(* Let $\mu$ be a distribution over $\{0,1\}^V$ and $\theta\in(0,1)$. For every vertex $i\in V$ and every distribution $\nu$ on $\Omega(\pi)$ such that the function $\sigma\mapsto\nu(\sigma)/\pi(\sigma)$ is increasing on $\Omega(\pi)$, we have $\nu P^i_{\pi\text{-GD}}\preceq_{\mathrm{sd}}\nu P^i_{\mathrm{s\text{-}GD}}$; that is, $P^i_{\pi\text{-GD}}\preceq_{\mathrm{mc}}P^i_{\mathrm{s\text{-}GD}}$.
   Context: Tilted $(\theta*\mu)(\sigma)\propto\mu(\sigma)\theta^{\|\sigma\|_1}$. $\mathsf{lift}:\{0,1\}^V\to\{0,1,\star\}^V$ random: independently per coordinate $0\mapsto0$, $1\mapsto\star$ w.p. $1-\theta$, $1\mapsto1$ w.p. $\theta$; $\mathsf{contr}$: $0\mapsto0$, $1,\star\mapsto1$. $\pi$: law of $\mathsf{lift}(X)$, $X\sim\mu$, support $\Omega(\pi)$. $P^i_{\pi\text{-GD}}$: resample $X_i$ from $\pi$ conditioned on $X_{V\setminus\{i\}}$. $P^i_{\mathrm{s\text{-}GD}}$: if $X_i=\star$ keep it; otherwise resample $X_i\in\{0,1\}$ from $(\theta*\mu)_i^{\sigma_{V\setminus\{i\}}}$ with $\sigma=\mathsf{contr}(X)$. Order $0<1<\star$, coordinatewise partial order on $\{0,1,\star\}^V$; $f$ increasing means $X\preceq Y\Rightarrow f(X)\le f(Y)$; $\nu\preceq_{\mathrm{sd}}\nu'$ iff $\mathbb E_\nu f\le\mathbb E_{\nu'}f$ for every increasing $f\ge0$ (equivalently, a monotone coupling exists). $P\preceq_{\mathrm{mc}}Q$ means $\nu P\preceq_{\mathrm{sd}}\nu Q$ for all $\nu$ with $\nu/\pi$ increasing. *)

theory Defs
  imports Complex_Main
begin

text \<open>Vertex set V is a finite type 'v. Spins of the lifted chain: 0, 1, star.\<close>

datatype spin = Zero | One | Star

lemma UNIV_spin: "(UNIV :: spin set) = {Zero, One, Star}"
  using spin.exhaust by auto

instance spin :: finite
  by standard (simp add: UNIV_spin)

fun spin_rank :: "spin \<Rightarrow> nat" where
  "spin_rank Zero = 0" | "spin_rank One = 1" | "spin_rank Star = 2"

definition cfg_le :: "('v \<Rightarrow> spin) \<Rightarrow> ('v \<Rightarrow> spin) \<Rightarrow> bool" where
  "cfg_le X Y \<longleftrightarrow> (\<forall>i. spin_rank (X i) \<le> spin_rank (Y i))"

definition increasing :: "(('v \<Rightarrow> spin) \<Rightarrow> real) \<Rightarrow> bool" where
  "increasing f \<longleftrightarrow> (\<forall>X Y. cfg_le X Y \<longrightarrow> f X \<le> f Y)"

definition is_distr :: "('a::finite \<Rightarrow> real) \<Rightarrow> bool" where
  "is_distr p \<longleftrightarrow> (\<forall>x. 0 \<le> p x) \<and> (\<Sum>x\<in>UNIV. p x) = 1"

definition contr :: "('v \<Rightarrow> spin) \<Rightarrow> ('v \<Rightarrow> bool)" where
  "contr X = (\<lambda>i. X i \<noteq> Zero)"
lemma log_deriv_sample_pos_near_min:
  assumes a: "0 < a" "a < G" and a_small: "a * recip_gaps < 1 - a / G"
    and z: "m < z" "z \<le> m + a"
  shows "0 < (\<Sum>i<n. 1 / (z - x i))"
proof -
  have aG: "0 < 1 - a / G" using a G by (simp add: field_simps)
  have "(\<Sum>i\<in>{..<n}-{k}. 1 / (x i - z)) \<le> (\<Sum>i\<in>{..<n}-{k}. 1 / (x i - m) / (1 - a / G))"
  proof (rule sum_mono)
    fix i assume "i \<in> {..<n}-{k}"
    then have xi: "m + G \<le> x i" using gap by auto
    have "a * G \<le> a * (x i - m)"
      using xi a by (intro mult_left_mono) auto
    then have "a \<le> (x i - m) * (a / G)"
      using G by (simp add: field_simps mult.commute)
    then have "(x i - m) * (1 - a / G) \<le> x i - z"
      using z by (simp add: algebra_simps)
    moreover have "0 < (x i - m) * (1 - a / G)" using xi G aG by simp
    ultimately show "1 / (x i - z) \<le> 1 / (x i - m) / (1 - a / G)"
      by (simp add: divide_simps mult.commute)
  qed
  also have "\<dots> = recip_gaps / (1 - a / G)" by (simp add: recip_gaps_def sum_divide_distrib)
  also have "\<dots> < 1 / a" using a_small aG a by (simp add: field_simps)
  also have "1 / a \<le> 1 / (z - m)" using z a by (simp add: frac_le)
  finally show ?thesis
    using z a gap min G by (subst log_deriv_sample_split) (fastforce, smt (verit))
qed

----

# Assigned task
Look above for the line containing "finally show ?thesis", then please write out that line and each one after it through the end, exactly, with nothing else.

# Exercise output
  finally show ?thesis
    using z a gap min G by (subst log_deriv_sample_split) (fastforce, smt (verit))
qed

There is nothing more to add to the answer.